» What is being asked:
Reproduce verbatim the lines of the material below, starting at the line with "(2 + 4/\<epsilon>)" and ending at the line with "using sep set_dist_le_dist[OF", both inclusive; skip the rest.

» Given entries:
lemma wspd_pair_graph_dist_le:
  fixes p q :: "'a::metric_space"
  assumes deg: "max_degree_le S F f" "finite F" and S: "X \<subseteq> S" "Y \<subseteq> S" "finite X" "finite Y"
    and pq: "p \<in> X" "q \<in> Y" "p \<noteq> q" "{p, q} \<notin> F"
    and "\<epsilon> > 0" and sep: "well_separated (2 + 4/\<epsilon>) X Y"
    and reps: "rep_choice f X X'" "rep_choice f Y Y'"
    and edges: "\<forall>x \<in> X'. \<forall>y \<in> Y'. {x, y} \<in> G"
    and IH: "\<And>x y. x \<in> S \<Longrightarrow> y \<in> S \<Longrightarrow> dist x y < dist p q \<Longrightarrow> x = y \<or> {x, y} \<notin> F
               \<Longrightarrow> graph_dist (G - F) x y \<le> ereal ((1 + \<epsilon>) * dist x y)"
  shows "graph_dist (G - F) p q \<le> ereal ((1 + \<epsilon>) * dist p q)"
proof -
  define c where "c = 2 + 4/\<epsilon>"
  have "c * max (set_diam X) (set_diam Y) \<le> dist p q"
    using sep set_dist_le_dist[OF S(3,4) pq(1,2)] unfolding well_separated_def c_def by linarith
  moreover have "c > 2" using \<open>\<epsilon> > 0\<close> unfolding c_def by simp
  moreover have "c * set_diam X \<le> c * max (set_diam X) (set_diam Y)"
    "c * set_diam Y \<le> c * max (set_diam X) (set_diam Y)"
    using \<open>c > 2\<close> by (simp_all add: mult_left_mono)
  ultimately have cX: "c * set_diam X \<le> dist p q" and cY: "c * set_diam Y \<le> dist p q"
    by linarith+
  obtain x y where xy: "x \<in> X'" "y \<in> Y'" "{x, y} \<notin> F" "x = p \<or> {p, x} \<notin> F" "y = q \<or> {q, y} \<notin> F"
    using exists_nonfaulty_bridge[OF deg S pq(1,2,4) reps] .
  have xX: "x \<in> X" and yY: "y \<in> Y"
    using xy(1,2) rep_choice_subset[OF reps(1)] rep_choice_subset[OF reps(2)] by blast+
  have px: "dist p x \<le> set_diam X" and yq: "dist y q \<le> set_diam Y"
    using dist_le_set_diam[OF S(3) pq(1) xX] dist_le_set_diam[OF S(4) yY pq(2)] .
  have "0 < dist p q" using pq(3) by simp
  moreover have "2 * set_diam X \<le> c * set_diam X" "2 * set_diam Y \<le> c * set_diam Y"
    using px yq \<open>c > 2\<close> zero_le_dist[of p x] zero_le_dist[of y q]
    by (intro mult_right_mono; linarith)+
  ultimately have "dist p x < dist p q" "dist y q < dist p q"
    using px yq cX cY by linarith+
  then have px_path: "graph_dist (G - F) p x \<le> ereal ((1 + \<epsilon>) * dist p x)"
    and yq_path: "graph_dist (G - F) y q \<le> ereal ((1 + \<epsilon>) * dist y q)"
    using IH[of p x] IH[of y q] xX yY pq(1,2) S(1,2) xy(4,5) by (auto simp: insert_commute)
  have "{x, y} \<in> G - F" using edges xy(1-3) by blast
  then have "graph_dist (G - F) x y \<le> ereal (dist x y)" by (rule graph_dist_edge_le)
  then have "graph_dist (G - F) p q
      \<le> ereal ((1 + \<epsilon>) * dist p x + dist x y + (1 + \<epsilon>) * dist y q)"
    using graph_dist_triangle_le[OF graph_dist_triangle_le[OF px_path] yq_path] by blast
  also have "\<dots> \<le> ereal ((1 + \<epsilon>) * dist p q)"
    using detour_le[OF \<open>\<epsilon> > 0\<close> cX[unfolded c_def] cY[unfolded c_def] px yq] by simp
  finally show ?thesis .
qed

» Task output:
    and "\<epsilon> > 0" and sep: "well_separated (2 + 4/\<epsilon>) X Y"
    and reps: "rep_choice f X X'" "rep_choice f Y Y'"
    and edges: "\<forall>x \<in> X'. \<forall>y \<in> Y'. {x, y} \<in> G"
    and IH: "\<And>x y. x \<in> S \<Longrightarrow> y \<in> S \<Longrightarrow> dist x y < dist p q \<Longrightarrow> x = y \<or> {x, y} \<notin> F
               \<Longrightarrow> graph_dist (G - F) x y \<le> ereal ((1 + \<epsilon>) * dist x y)"
  shows "graph_dist (G - F) p q \<le> ereal ((1 + \<epsilon>) * dist p q)"
proof -
  define c where "c = 2 + 4/\<epsilon>"
  have "c * max (set_diam X) (set_diam Y) \<le> dist p q"
    using sep set_dist_le_dist[OF S(3,4) pq(1,2)] unfolding well_separated_def c_def by linarith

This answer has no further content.